Our entry point to Vaduz in Liechtenstein was Zurich. This is a city so eye wateringly expensive that on arrival, you can feel your wallet curling itself into a protective ball like a hedgehog. After the single overnight stay in the centre of of the city, it was on to our destination for the weekend; Liechtenstein.
This double-landlocked, 62 square kilometres sized, pissant principality receives only around 37,000 tourists a year. One of its few claims to fame is that it leads the world in false teeth manufacturing (around 20% of global sales). Due to the absence of an airport, country does take some getting to for a disinterested casual tourist. The train from Zurich to Sargans (50 mins) was then followed by a bus ride (25 mins) before we reached our ultimate destination; the capital city of Vaduz.
Liechtenstein is the spiritual home of the triangular-shaped commerative postage stamp. Downtown Vaduz (such as it is) is notable for its postage stamp museum on the main street, after arriving we also took a quick look around the Leichtenstein National Museum, the Kunst Museum and gazed up at the façade of the Cathedral of St Florin (closed). We then plonked ourselves in the main square for a coffee and to decide what on earth would occupy us for two more days.

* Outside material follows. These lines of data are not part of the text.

lemma exists_unisolvent_points_enumerated:
  fixes \<phi> :: "nat \<Rightarrow> 'a \<Rightarrow> real"
  assumes \<phi>: "bij_betw \<phi> {..<n} B" and B: "finite B" "\<not> Modules.module.dependent fscale B"
    and support: "\<And>f x. f \<in> Modules.module.span fscale B \<Longrightarrow> x \<notin> \<Omega> \<Longrightarrow> f x = 0"
  obtains P where "finite P" "P \<subseteq> \<Omega>" "card P \<le> n"
    "\<forall>\<alpha>\<in>carrier_vec n. (\<forall>x\<in>P. (\<Sum>i<n. \<alpha> $ i * \<phi> i x) = 0) \<longrightarrow> \<alpha> = 0\<^sub>v n"
proof -
  obtain P where P: "finite P" "P \<subseteq> \<Omega>" "card P \<le> card B"
    and unisolvent: "\<forall>f\<in>Modules.module.span fscale B. (\<forall>x\<in>P. f x = 0) \<longrightarrow> (\<forall>x\<in>\<Omega>. f x = 0)"
    by (rule exists_unisolvent_points[OF B(1)])
  show ?thesis
  proof (rule that)
    show "finite P" "P \<subseteq> \<Omega>" "card P \<le> n"
      using P bij_betw_same_card[OF \<phi>] by simp_all
    show "\<forall>\<alpha>\<in>carrier_vec n. (\<forall>x\<in>P. (\<Sum>i<n. \<alpha> $ i * \<phi> i x) = 0) \<longrightarrow> \<alpha> = 0\<^sub>v n"
    proof (intro ballI impI)
      fix \<alpha> assume \<alpha>: "\<alpha> \<in> carrier_vec n" and "\<forall>x\<in>P. (\<Sum>i<n. \<alpha> $ i * \<phi> i x) = 0"
      moreover have span: "(\<lambda>x. \<Sum>i<n. \<alpha> $ i * \<phi> i x) \<in> Modules.module.span fscale B"
        using bij_betwE[OF \<phi>] by (intro combination_in_span) simp
      ultimately have "(\<Sum>i<n. \<alpha> $ i * \<phi> i x) = 0" for x
        using unisolvent span support[OF span] by (cases "x \<in> \<Omega>") auto
      then show "\<alpha> = 0\<^sub>v n"
        by (rule independent_enumerated_basis[OF \<phi> B \<alpha>])
    qed
  qed
qed

section \<open>Sampling points\<close>

lemma abs_le_sqrt_mult_Max:
  fixes f :: "'a \<Rightarrow> real"
  assumes "(f x)\<^sup>2 \<le> (\<Sum>j<m. (f (\<xi> j))\<^sup>2)" "0 < m"
  shows "\<bar>f x\<bar> \<le> sqrt (real m) * Max ((\<lambda>y. \<bar>f y\<bar>) ` \<xi> ` {..<m})"
proof -
  define M where "M = Max ((\<lambda>y. \<bar>f y\<bar>) ` \<xi> ` {..<m})"
  have M_bound: "\<bar>f (\<xi> j)\<bar> \<le> M" if "j < m" for j
    unfolding M_def using that by (intro Max_ge) auto
  have "(f (\<xi> j))\<^sup>2 \<le> M\<^sup>2" if "j < m" for j
    using power_mono[OF M_bound[OF that] abs_ge_zero, of 2] by simp
  then have "(\<Sum>j<m. (f (\<xi> j))\<^sup>2) \<le> (\<Sum>j<m. M\<^sup>2)"
    by (intro sum_mono) simp
  with assms(1) have "\<bar>f x\<bar>\<^sup>2 \<le> (sqrt (real m) * M)\<^sup>2"
    by (simp add: power_mult_distrib)
  moreover have "0 \<le> sqrt (real m) * M"
    using M_bound[OF \<open>0 < m\<close>] by (simp add: order_trans[OF abs_ge_zero])
  ultimately have "\<bar>f x\<bar> \<le> sqrt (real m) * M"
    by (rule power2_le_imp_le)
  then show ?thesis
    by (simp only: M_def)
qed

lemma exists_nonsingular_collocation_basis:
  fixes \<phi> :: "nat \<Rightarrow> 'a \<Rightarrow> real"
  assumes N: "1 \<le> N" "N \<le> m" and \<phi>: "bij_betw \<phi> {..<N} B"
    and B: "finite B" "\<not> Modules.module.dependent fscale B"
    and support: "\<And>f x. f \<in> Modules.module.span fscale B \<Longrightarrow> x \<notin> \<Omega> \<Longrightarrow> f x = 0"
  obtains \<xi> where "\<forall>j<m. \<xi> j \<in> \<Omega>" "det (collocation_gram \<phi> N \<xi> m) \<noteq> 0"
proof -
  obtain P where P: "finite P" "P \<subseteq> \<Omega>" "card P \<le> N"
    and unisolvent: "\<forall>\<alpha>\<in>carrier_vec N. (\<forall>x\<in>P. (\<Sum>i<N. \<alpha> $ i * \<phi> i x) = 0) \<longrightarrow> \<alpha> = 0\<^sub>v N"
    using support by (rule exists_unisolvent_points_enumerated[OF \<phi> B])
  have "P \<noteq> {}"
  proof
    assume "P = {}"
    then have "unit_vec N 0 = (0\<^sub>v N :: real vec)"
      using unisolvent by simp
    then have "unit_vec N 0 $ 0 = (0\<^sub>v N :: real vec) $ 0"
      by simp
    then show False
      using N by simp
  qed
  then have "card P \<le> m" "\<Omega> \<noteq> {}"
    using P(2,3) N by auto
  then show ?thesis
    using that by (rule exists_nonsingular_collocation[OF P(1,2) _ _ unisolvent])
qed

lemma exists_points_sq_le_sum_sq:
  fixes \<Omega> :: "'a :: topological_space set" and \<phi> :: "nat \<Rightarrow> 'a \<Rightarrow> real"
  assumes \<Omega>: "compact \<Omega>" and N: "1 \<le> N" and \<phi>: "bij_betw \<phi> {..<N} B"
    and B: "finite B" "\<not> Modules.module.dependent fscale B" "Modules.module.span fscale B \<subseteq> Cfun \<Omega>"
  obtains \<xi> where "\<forall>j<2 * N. \<xi> j \<in> \<Omega>"
    "\<forall>f\<in>Modules.module.span fscale B. \<forall>x\<in>\<Omega>. (f x)\<^sup>2 \<le> (\<Sum>j<2 * N. (f (\<xi> j))\<^sup>2)"
proof -
  have \<phi>_span: "\<phi> i \<in> Modules.module.span fscale B" if "i < N" for i
    using bij_betwE[OF \<phi>] that Modules.module.span_base[OF module_fscale] by blast
  have "f x = 0" if "f \<in> Modules.module.span fscale B" "x \<notin> \<Omega>" for f x
    using that B(3) by (auto simp: Cfun_def)
  moreover have "N \<le> 2 * N"
    by simp
  ultimately obtain \<xi>\<^sub>0 where \<xi>\<^sub>0: "\<forall>j<2 * N. \<xi>\<^sub>0 j \<in> \<Omega>" "det (collocation_gram \<phi> N \<xi>\<^sub>0 (2 * N)) \<noteq> 0"
    using exists_nonsingular_collocation_basis[OF N _ \<phi> B(1,2)] by blast
  have "compact (\<phi> i ` \<Omega>)" if "i < N" for i
    using \<phi>_span[OF that] B(3) \<Omega> by (intro compact_continuous_image) (auto simp: Cfun_def)
  then have "bounded (\<Union>i<N. \<phi> i ` \<Omega>)"
    by (intro compact_imp_bounded compact_UN) auto
  then obtain c where c: "\<And>i x. i < N \<Longrightarrow> x \<in> \<Omega> \<Longrightarrow> \<bar>\<phi> i x\<bar> \<le> c"
    unfolding bounded_real by blast
  have \<theta>: "1 < 1 + 1 / (2 * real N)"
    using N by simp
  obtain \<xi> where \<xi>: "\<forall>j<2 * N. \<xi> j \<in> \<Omega>" "det (collocation_gram \<phi> N \<xi> (2 * N)) \<noteq> 0"
    "\<forall>k<2 * N. \<forall>x\<in>\<Omega>. \<bar>det (collocation_gram \<phi> N (\<xi>(k := x)) (2 * N))\<bar>
      \<le> (1 + 1 / (2 * real N)) * \<bar>det (collocation_gram \<phi> N \<xi> (2 * N))\<bar>"
    by (rule exists_nearly_maximal_collocation[OF c \<xi>\<^sub>0 \<theta>])
  show ?thesis
  proof (rule that)
    show "\<forall>j<2 * N. \<xi> j \<in> \<Omega>"
      by (fact \<xi>(1))
    show "\<forall>f\<in>Modules.module.span fscale B. \<forall>x\<in>\<Omega>. (f x)\<^sup>2 \<le> (\<Sum>j<2 * N. (f (\<xi> j))\<^sup>2)"
    proof (intro ballI)
      fix f x assume "f \<in> Modules.module.span fscale B" "x \<in> \<Omega>"
      then obtain \<alpha> where \<alpha>: "\<alpha> \<in> carrier_vec N" "f = (\<lambda>x. \<Sum>i<N. \<alpha> $ i * \<phi> i x)"
        by (auto elim: span_enumerated_basis[OF \<phi> B(1)])
      show "(f x)\<^sup>2 \<le> (\<Sum>j<2 * N. (f (\<xi> j))\<^sup>2)"
        unfolding \<alpha>(2) using \<xi>(2,3) \<open>x \<in> \<Omega>\<close> by (intro collocation_sq_le_sum_sq \<alpha>(1)) auto
    qed
  qed
qed

lemma exists_sampling_points:
  fixes \<Omega> :: "'a :: topological_space set"
  assumes "compact \<Omega>" "1 \<le> N" "dim_subspace_C \<Omega> X N"
  shows "\<exists>P. finite P \<and> P \<noteq> {} \<and> P \<subseteq> \<Omega> \<and> card P \<le> 2 * N \<and>
    (\<forall>f\<in>X. \<forall>x\<in>\<Omega>. \<bar>f x\<bar> \<le> sqrt (real (2 * N)) * Max ((\<lambda>\<xi>. \<bar>f \<xi>\<bar>) ` P))"
proof -
  obtain B where X: "X \<subseteq> Cfun \<Omega>" "Modules.module.span fscale B = X"
    and B: "finite B" "\<not> Modules.module.dependent fscale B" "card B = N"
    using assms(3) unfolding dim_subspace_C_def by blast
  obtain \<phi> where \<phi>: "bij_betw \<phi> {..<N} B"
    using ex_bij_betw_nat_finite[OF B(1)] B(3) by (auto simp: atLeast0LessThan)
  obtain \<xi> where \<xi>: "\<forall>j<2 * N. \<xi> j \<in> \<Omega>" "\<forall>f\<in>X. \<forall>x\<in>\<Omega>. (f x)\<^sup>2 \<le> (\<Sum>j<2 * N. (f (\<xi> j))\<^sup>2)"
    using exists_points_sq_le_sum_sq[OF assms(1,2) \<phi> B(1,2)] X by blast
  have "\<bar>f x\<bar> \<le> sqrt (real (2 * N)) * Max ((\<lambda>y. \<bar>f y\<bar>) ` \<xi> ` {..<2 * N})"
    if "f \<in> X" "x \<in> \<Omega>" for f x
    using \<xi>(2) that assms(2) by (intro abs_le_sqrt_mult_Max) auto
  moreover have "finite (\<xi> ` {..<2 * N})" "\<xi> ` {..<2 * N} \<noteq> {}" "\<xi> ` {..<2 * N} \<subseteq> \<Omega>"
    "card (\<xi> ` {..<2 * N}) \<le> 2 * N"
    using \<xi>(1) assms(2) card_image_le[of "{..<2 * N}" \<xi>] by (auto simp: lessThan_empty_iff)
  ultimately show ?thesis
    by blast
qed

theorem corollary2p1:
  shows "\<exists>C1 C2::real. C1 > 0 \<and> C2 > 0 \<and>
    (\<forall>(d::nat) (\<Omega>::(nat \<Rightarrow> real) set) (N::nat) (X::((nat \<Rightarrow> real) \<Rightarrow> real) set).
       \<Omega> \<subseteq> Rd d \<and> compact \<Omega> \<and> N \<ge> 1 \<and> dim_subspace_C \<Omega> X N \<longrightarrow>
       (\<exists>P. finite P \<and> P \<noteq> {} \<and> P \<subseteq> \<Omega> \<and> real (card P) \<le> C1 * real N \<and>
          (\<forall>f\<in>X. \<forall>x\<in>\<Omega>. \<bar>f x\<bar> \<le> C2 * sqrt (real N) * Max ((\<lambda>\<xi>. \<bar>f \<xi>\<bar>) ` P))))"
proof (rule exI[of _ 2], rule exI[of _ "sqrt 2"], intro conjI allI impI)
  fix d N :: nat and \<Omega> :: "(nat \<Rightarrow> real) set" and X :: "((nat \<Rightarrow> real) \<Rightarrow> real) set"
  assume "\<Omega> \<subseteq> Rd d \<and> compact \<Omega> \<and> N \<ge> 1 \<and> dim_subspace_C \<Omega> X N"
  then have "\<exists>P. finite P \<and> P \<noteq> {} \<and> P \<subseteq> \<Omega> \<and> card P \<le> 2 * N \<and>
      (\<forall>f\<in>X. \<forall>x\<in>\<Omega>. \<bar>f x\<bar> \<le> sqrt (real (2 * N)) * Max ((\<lambda>\<xi>. \<bar>f \<xi>\<bar>) ` P))"
    by (intro exists_sampling_points) simp_all
  then obtain P where "finite P" "P \<noteq> {}" "P \<subseteq> \<Omega>" "card P \<le> 2 * N"
    "\<forall>f\<in>X. \<forall>x\<in>\<Omega>. \<bar>f x\<bar> \<le> sqrt (real (2 * N)) * Max ((\<lambda>\<xi>. \<bar>f \<xi>\<bar>) ` P)"
    by blast
  then show "\<exists>P. finite P \<and> P \<noteq> {} \<and> P \<subseteq> \<Omega> \<and> real (card P) \<le> 2 * real N \<and>
      (\<forall>f\<in>X. \<forall>x\<in>\<Omega>. \<bar>f x\<bar> \<le> sqrt 2 * sqrt (real N) * Max ((\<lambda>\<xi>. \<bar>f \<xi>\<bar>) ` P))"
    by (intro exI[of _ P]) (simp add: real_sqrt_mult)
qed simp_all

end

From where we were sitting we could detect a low-energy throb emanating from a crowd near the town hall, which I would not go as far as to say was expectation. We wandered over and examined some posters. You have to have to hand it to the city fathers of Vaduz, they pull out all stops to keep the populace entertained, their minds distracted from the decline in philately and the implications of improved standards of oral hygiene. The town entertainment for the weekend was a vintage car rally on Sunday and this was preceded by a Mungo Jerry concert on Saturday.
Mungo who? Was this the mutton-chopped minstrel and noted UK one-hit wonder from the early 1970’s?. Indeed it was…..but how would we escape?
We were staying in the Residence Hotel where we decamped for a lie down. When questioned, the friendly, effusive young woman on the front desk had never heard of any hiking trails. However, she offered to see what she could do looking intently the internet browser on her PC.
Arising late next day, we waited for some heavy showers to subside before heading down for a late breakfast. Passing the front desk a thick sheaf of paper was presented in our direction. Heavy perusal over a good breakfast showed some good options for hikes with the main characteristic being endless Z-shaped switch-backs as the paths climbed and climbed. The most accessible from Vaduz would be the Furstensteig trail which was well illustrated with climbers striking romantic poses on knobbly-looking promontories.
The path from the centre of Vaduz took us upwards. Within ten minutes we were walking past the robust looking Vaduz Castle, primary residence of Liechtenstein's Princely Family. We then skirted the edges of fields before moving into thick woodland, the narrow track zig-zagging endlessly up.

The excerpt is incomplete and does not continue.